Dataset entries
◆ ◆ ◆ ◆ ◆ ◆ ◆
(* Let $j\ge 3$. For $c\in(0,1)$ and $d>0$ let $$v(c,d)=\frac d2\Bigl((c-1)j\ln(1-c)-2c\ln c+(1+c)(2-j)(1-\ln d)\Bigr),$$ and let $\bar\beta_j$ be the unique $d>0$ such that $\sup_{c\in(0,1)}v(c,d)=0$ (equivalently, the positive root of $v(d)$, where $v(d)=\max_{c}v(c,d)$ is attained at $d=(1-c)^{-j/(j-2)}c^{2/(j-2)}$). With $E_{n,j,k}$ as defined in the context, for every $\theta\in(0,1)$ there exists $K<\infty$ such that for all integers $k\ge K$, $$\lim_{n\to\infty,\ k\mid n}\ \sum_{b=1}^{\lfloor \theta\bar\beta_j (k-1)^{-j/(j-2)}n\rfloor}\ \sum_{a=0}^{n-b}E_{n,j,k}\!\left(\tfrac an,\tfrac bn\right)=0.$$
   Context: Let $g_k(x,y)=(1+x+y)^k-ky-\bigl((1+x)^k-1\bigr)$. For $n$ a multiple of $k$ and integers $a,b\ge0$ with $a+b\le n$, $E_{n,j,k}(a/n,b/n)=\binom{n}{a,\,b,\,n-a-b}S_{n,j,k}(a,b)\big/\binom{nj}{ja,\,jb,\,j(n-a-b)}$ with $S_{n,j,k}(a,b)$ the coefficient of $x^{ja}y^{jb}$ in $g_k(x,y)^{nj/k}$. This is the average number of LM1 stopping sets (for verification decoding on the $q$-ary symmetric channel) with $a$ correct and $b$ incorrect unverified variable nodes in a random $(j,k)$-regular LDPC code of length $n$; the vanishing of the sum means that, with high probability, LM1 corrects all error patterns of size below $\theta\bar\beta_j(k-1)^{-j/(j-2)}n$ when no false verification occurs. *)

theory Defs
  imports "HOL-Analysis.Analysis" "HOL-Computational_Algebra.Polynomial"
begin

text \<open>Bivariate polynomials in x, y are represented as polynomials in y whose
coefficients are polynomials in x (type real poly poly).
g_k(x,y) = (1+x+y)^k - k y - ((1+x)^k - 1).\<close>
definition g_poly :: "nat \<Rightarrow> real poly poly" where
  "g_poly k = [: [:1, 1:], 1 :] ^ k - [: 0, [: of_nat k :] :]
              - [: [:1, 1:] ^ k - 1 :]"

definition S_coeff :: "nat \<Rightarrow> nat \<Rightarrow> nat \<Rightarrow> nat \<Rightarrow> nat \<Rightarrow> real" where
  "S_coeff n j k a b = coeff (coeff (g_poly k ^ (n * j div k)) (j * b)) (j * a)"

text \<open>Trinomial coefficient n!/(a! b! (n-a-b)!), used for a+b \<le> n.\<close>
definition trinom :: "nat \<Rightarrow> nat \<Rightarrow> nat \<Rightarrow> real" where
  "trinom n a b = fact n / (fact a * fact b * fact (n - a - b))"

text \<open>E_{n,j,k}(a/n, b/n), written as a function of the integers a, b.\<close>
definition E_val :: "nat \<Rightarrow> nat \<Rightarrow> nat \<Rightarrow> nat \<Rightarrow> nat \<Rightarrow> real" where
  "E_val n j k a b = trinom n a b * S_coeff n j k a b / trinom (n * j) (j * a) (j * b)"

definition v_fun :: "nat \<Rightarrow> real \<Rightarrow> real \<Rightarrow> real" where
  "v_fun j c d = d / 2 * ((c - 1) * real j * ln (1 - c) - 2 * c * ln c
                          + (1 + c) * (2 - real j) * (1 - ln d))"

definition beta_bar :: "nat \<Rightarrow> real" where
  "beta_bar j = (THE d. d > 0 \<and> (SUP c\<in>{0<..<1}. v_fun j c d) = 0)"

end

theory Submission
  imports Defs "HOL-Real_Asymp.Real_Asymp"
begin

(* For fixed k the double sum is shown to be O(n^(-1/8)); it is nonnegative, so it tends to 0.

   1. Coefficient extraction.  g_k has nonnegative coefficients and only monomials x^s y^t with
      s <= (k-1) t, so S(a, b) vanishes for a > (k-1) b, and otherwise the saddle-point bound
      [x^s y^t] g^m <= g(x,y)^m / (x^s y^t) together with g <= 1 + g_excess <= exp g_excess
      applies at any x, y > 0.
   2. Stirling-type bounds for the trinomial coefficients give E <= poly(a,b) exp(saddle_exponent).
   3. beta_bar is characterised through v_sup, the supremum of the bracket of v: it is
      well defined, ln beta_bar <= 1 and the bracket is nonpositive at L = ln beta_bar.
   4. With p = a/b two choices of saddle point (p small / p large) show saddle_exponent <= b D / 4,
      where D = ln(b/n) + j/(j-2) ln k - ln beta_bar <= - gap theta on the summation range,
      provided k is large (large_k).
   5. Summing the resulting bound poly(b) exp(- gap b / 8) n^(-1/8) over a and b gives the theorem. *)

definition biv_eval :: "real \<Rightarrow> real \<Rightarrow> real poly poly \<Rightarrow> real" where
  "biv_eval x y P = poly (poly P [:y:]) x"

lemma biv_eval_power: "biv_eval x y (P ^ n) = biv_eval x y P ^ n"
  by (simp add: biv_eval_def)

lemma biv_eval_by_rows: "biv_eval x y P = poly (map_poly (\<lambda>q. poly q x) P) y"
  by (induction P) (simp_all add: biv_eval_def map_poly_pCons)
◆ ◆ ◆ ◆ ◆ ◆ ◆
- [WORK TO COMPLETE]:
Output exactly what runs from the line with "5. Summing the" to the final line above, both lines included, and nothing else.

- [EXERCISE OUTPUT]:
   5. Summing the resulting bound poly(b) exp(- gap b / 8) n^(-1/8) over a and b gives the theorem. *)

definition biv_eval :: "real \<Rightarrow> real \<Rightarrow> real poly poly \<Rightarrow> real" where
  "biv_eval x y P = poly (poly P [:y:]) x"

lemma biv_eval_power: "biv_eval x y (P ^ n) = biv_eval x y P ^ n"
  by (simp add: biv_eval_def)

lemma biv_eval_by_rows: "biv_eval x y P = poly (map_poly (\<lambda>q. poly q x) P) y"
  by (induction P) (simp_all add: biv_eval_def map_poly_pCons)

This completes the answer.